Yesterday was the one year anniversary from learning that Gabriella would need a transplant after only 2 short weeks of knowing we had a sick child. I can remember the sting to my soul when Dr Alhadheri told me those words "she needs a new heart", and the immediate crash afterwards. It felt like a true out of body experience. I saw myself weeping in the doctors office, walking to the car, sitting in the seat of my van and not knowing what to say or do or how to even move. I felt numb. I went back to work so I could sit in my office with the door locked, just so I didn't have to go pick up my kids and have them see me that way. My world had been shattered. Motherhood as I knew it was forever changed. My marriage changed forever and instantly faced something we never imagined it would face.
When I look back over what the last year has given us, I know God has carried us the entire way and laid the most enormous hands of protection over Gabriella (the image in my head of that overwhelms me). May 11, 2009, I felt like I didn't know how to breathe anymore.
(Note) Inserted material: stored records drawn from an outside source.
lemma dirichlet_series_avoiding_primes:
  assumes "s > 1" "finite Q" "\<forall>q\<in>Q. prime q"
  shows "dirichlet_series_avoiding Q s = (\<Prod>q\<in>Q. 1 - f q / real q powr s) * dirichlet_series f s"
  using assms(2,3)
proof (induction Q rule: finite_induct)
  case empty
  thus ?case by (simp add: dirichlet_series_avoiding_def dirichlet_series_def)
next
  case (insert p Q)
  thus ?case by (simp add: dirichlet_series_avoiding_insert[OF assms(1)])
qed

text \<open>Among \<open>n \<le> N\<close> only \<open>n = 1\<close> avoids all primes up to \<open>N\<close>, so the difference
  to \<open>1\<close> is bounded by the tail \<open>n > N\<close> of an absolutely convergent series.\<close>
lemma dirichlet_series_avoiding_primes_le_tendsto:
  assumes "s > 1"
  shows "(\<lambda>N. dirichlet_series_avoiding {p. prime p \<and> p \<le> N} s) \<longlonglongrightarrow> 1"
proof -
  define a where "a n = f n / real n powr s" for n
  define r where "r N n = (if \<forall>q\<in>{p. prime p \<and> p \<le> N}. \<not> q dvd n then a n else 0)
                        - (if n = 1 then a n else 0)" for N n
  have a_abs: "summable (\<lambda>n. \<bar>a n\<bar>)"
    unfolding a_def using summable_abs_terms[OF assms] .
  have r_le: "\<bar>r N n\<bar> \<le> \<bar>a n\<bar>" for N n
    unfolding r_def by (cases "n = 1") simp_all
  have r_abs: "summable (\<lambda>n. \<bar>r N n\<bar>)" for N
    by (rule summable_comparison_test[OF _ a_abs]) (use r_le in auto)
  have r_small: "r N n = 0" if "n \<le> N" for N n
    using no_prime_divisor_le_iff[of n N] that by (cases "n = 0") (simp_all add: r_def a_def)
  have bound: "\<bar>dirichlet_series_avoiding {p. prime p \<and> p \<le> N} s - 1\<bar> \<le> (\<Sum>k. \<bar>a (k + Suc N)\<bar>)"
    for N
  proof -
    have single: "(\<lambda>n. if n = 1 then a n else 0) sums 1"
      using sums_single[of 1 a] one by (simp add: a_def)
    have avoid: "summable (\<lambda>n. if \<forall>q\<in>{p. prime p \<and> p \<le> N}. \<not> q dvd n then a n else 0)"
      unfolding a_def using summable_abs_terms_if[OF assms] by (rule summable_rabs_cancel)
    have "dirichlet_series_avoiding {p. prime p \<and> p \<le> N} s - 1 = (\<Sum>n. r N n)"
      unfolding r_def dirichlet_series_avoiding_def a_def[symmetric]
      using suminf_diff[OF avoid sums_summable[OF single]] sums_unique[OF single] by simp
    also have "\<dots> = (\<Sum>k. r N (k + Suc N))"
      using suminf_split_initial_segment[OF summable_rabs_cancel[OF r_abs], of N "Suc N"]
      by (simp add: r_small)
    also have "\<bar>\<dots>\<bar> \<le> (\<Sum>k. \<bar>r N (k + Suc N)\<bar>)"
      by (rule summable_rabs) (use summable_ignore_initial_segment[OF r_abs, of N "Suc N"] in simp)
    also have "\<dots> \<le> (\<Sum>k. \<bar>a (k + Suc N)\<bar>)"
      using r_le summable_ignore_initial_segment[OF r_abs, of N "Suc N"]
        summable_ignore_initial_segment[OF a_abs, of "Suc N"]
      by (intro suminf_le) simp_all
    finally show ?thesis .
  qed
  have "(\<lambda>N. \<Sum>k. \<bar>a (k + Suc N)\<bar>) \<longlonglongrightarrow> 0"
    using LIMSEQ_Suc[OF suminf_exist_split2[OF a_abs]] by simp
  hence "(\<lambda>N. dirichlet_series_avoiding {p. prime p \<and> p \<le> N} s - 1) \<longlonglongrightarrow> 0"
    by (rule Lim_null_comparison[rotated]) (intro always_eventually allI, unfold real_norm_def, rule bound)
  thus ?thesis
    by (simp add: LIM_zero_iff)
qed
May 11, 2010, I fight on for Gabriella. The pain and anguish we felt when we found out the severity Gabriella's life, and how short it could potentially be, is something we will never forget or get rid of, but we have been able to move in a forward direction from it. We had the option to handle this in many different ways, but we chose the route we took based on our faith and support. And to any of you reading this, YOU have been part of that.
I will never forget that day though, and will never minimize or try to "get past" the feelings I felt. It is because I choose to remember that pain that I can fight so hard for her today.